## TASK TO CARRY OUT
Could you print the entries below exactly, starting at the line that contains "proof (intro allI impI)" and stopping after the last one?

## SOURCE MATERIAL
lemma mcomplete_L2_set:
  assumes S: "finite S"
  shows "Metric_space.mcomplete (vanishing_outside S) (\<lambda>u v. L2_set (\<lambda>i. u i - v i) S)"
proof -
  interpret Metric_space "vanishing_outside S" "\<lambda>u v. L2_set (\<lambda>i. u i - v i) S"
    by (rule Metric_space_L2_set[OF S])
  show ?thesis
    unfolding mcomplete_def
  proof (intro allI impI)
    fix \<sigma> assume \<sigma>: "MCauchy \<sigma>"
    then have \<sigma>W: "\<sigma> n \<in> vanishing_outside S" for n
      unfolding MCauchy_def by auto
    then have outside: "(\<lambda>n. \<sigma> n i) = (\<lambda>n. 0)" if "i \<notin> S" for i
      using that by (auto simp: vanishing_outside_def)
    have coord: "convergent (\<lambda>n. \<sigma> n i)" for i
    proof (cases "i \<in> S")
      case True
      have "Cauchy (\<lambda>n. \<sigma> n i)"
      proof (rule metric_CauchyI)
        fix e :: real assume "e > 0"
        then obtain N where N: "\<And>n n'. N \<le> n \<Longrightarrow> N \<le> n' \<Longrightarrow> L2_set (\<lambda>i. \<sigma> n i - \<sigma> n' i) S < e"
          using \<sigma> unfolding MCauchy_def by meson
        have "dist (\<sigma> n i) (\<sigma> n' i) < e" if "N \<le> n" "N \<le> n'" for n n'
          using member_le_L2_set[OF S True, of "\<lambda>i. \<bar>\<sigma> n i - \<sigma> n' i\<bar>"] N[OF that]
          by (simp add: dist_real_def L2_set_def)
        then show "\<exists>N. \<forall>n\<ge>N. \<forall>n'\<ge>N. dist (\<sigma> n i) (\<sigma> n' i) < e" by blast
      qed
      then show ?thesis by (simp add: Cauchy_convergent_iff)
    next
      case False
      then show ?thesis by (simp add: outside convergent_const)
    qed
    define l where "l i = lim (\<lambda>n. \<sigma> n i)" for i
    have l: "(\<lambda>n. \<sigma> n i) \<longlonglongrightarrow> l i" for i
      using coord by (simp add: l_def convergent_LIMSEQ_iff)
    have "l i = 0" if "i \<notin> S" for i
      using l[of i] outside[OF that] LIMSEQ_const_iff by metis
    then have lW: "l \<in> vanishing_outside S" by (simp add: vanishing_outside_def)
    have "(\<lambda>n. L2_set (\<lambda>i. \<sigma> n i - l i) S) \<longlonglongrightarrow> L2_set (\<lambda>i. l i - l i) S"
      unfolding L2_set_def by (intro tendsto_intros l)
    then have "\<forall>\<^sub>F n in sequentially. L2_set (\<lambda>i. \<sigma> n i - l i) S < e" if "e > 0" for e
      using that by (auto simp: L2_set_def order_tendsto_iff)
    then show "\<exists>x. limitin mtopology \<sigma> x sequentially"
      using \<sigma>W lW by (auto simp: limitin_metric intro!: exI[of _ l])
  qed
qed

## YOUR RESPONSE
  proof (intro allI impI)
    fix \<sigma> assume \<sigma>: "MCauchy \<sigma>"
    then have \<sigma>W: "\<sigma> n \<in> vanishing_outside S" for n
      unfolding MCauchy_def by auto
    then have outside: "(\<lambda>n. \<sigma> n i) = (\<lambda>n. 0)" if "i \<notin> S" for i
      using that by (auto simp: vanishing_outside_def)
    have coord: "convergent (\<lambda>n. \<sigma> n i)" for i
    proof (cases "i \<in> S")
      case True
      have "Cauchy (\<lambda>n. \<sigma> n i)"
      proof (rule metric_CauchyI)
        fix e :: real assume "e > 0"
        then obtain N where N: "\<And>n n'. N \<le> n \<Longrightarrow> N \<le> n' \<Longrightarrow> L2_set (\<lambda>i. \<sigma> n i - \<sigma> n' i) S < e"
          using \<sigma> unfolding MCauchy_def by meson
        have "dist (\<sigma> n i) (\<sigma> n' i) < e" if "N \<le> n" "N \<le> n'" for n n'
          using member_le_L2_set[OF S True, of "\<lambda>i. \<bar>\<sigma> n i - \<sigma> n' i\<bar>"] N[OF that]
          by (simp add: dist_real_def L2_set_def)
        then show "\<exists>N. \<forall>n\<ge>N. \<forall>n'\<ge>N. dist (\<sigma> n i) (\<sigma> n' i) < e" by blast
      qed
      then show ?thesis by (simp add: Cauchy_convergent_iff)
    next
      case False
      then show ?thesis by (simp add: outside convergent_const)
    qed
    define l where "l i = lim (\<lambda>n. \<sigma> n i)" for i
    have l: "(\<lambda>n. \<sigma> n i) \<longlonglongrightarrow> l i" for i
      using coord by (simp add: l_def convergent_LIMSEQ_iff)
    have "l i = 0" if "i \<notin> S" for i
      using l[of i] outside[OF that] LIMSEQ_const_iff by metis
    then have lW: "l \<in> vanishing_outside S" by (simp add: vanishing_outside_def)
    have "(\<lambda>n. L2_set (\<lambda>i. \<sigma> n i - l i) S) \<longlonglongrightarrow> L2_set (\<lambda>i. l i - l i) S"
      unfolding L2_set_def by (intro tendsto_intros l)
    then have "\<forall>\<^sub>F n in sequentially. L2_set (\<lambda>i. \<sigma> n i - l i) S < e" if "e > 0" for e
      using that by (auto simp: L2_set_def order_tendsto_iff)
    then show "\<exists>x. limitin mtopology \<sigma> x sequentially"
      using \<sigma>W lW by (auto simp: limitin_metric intro!: exI[of _ l])
  qed
qed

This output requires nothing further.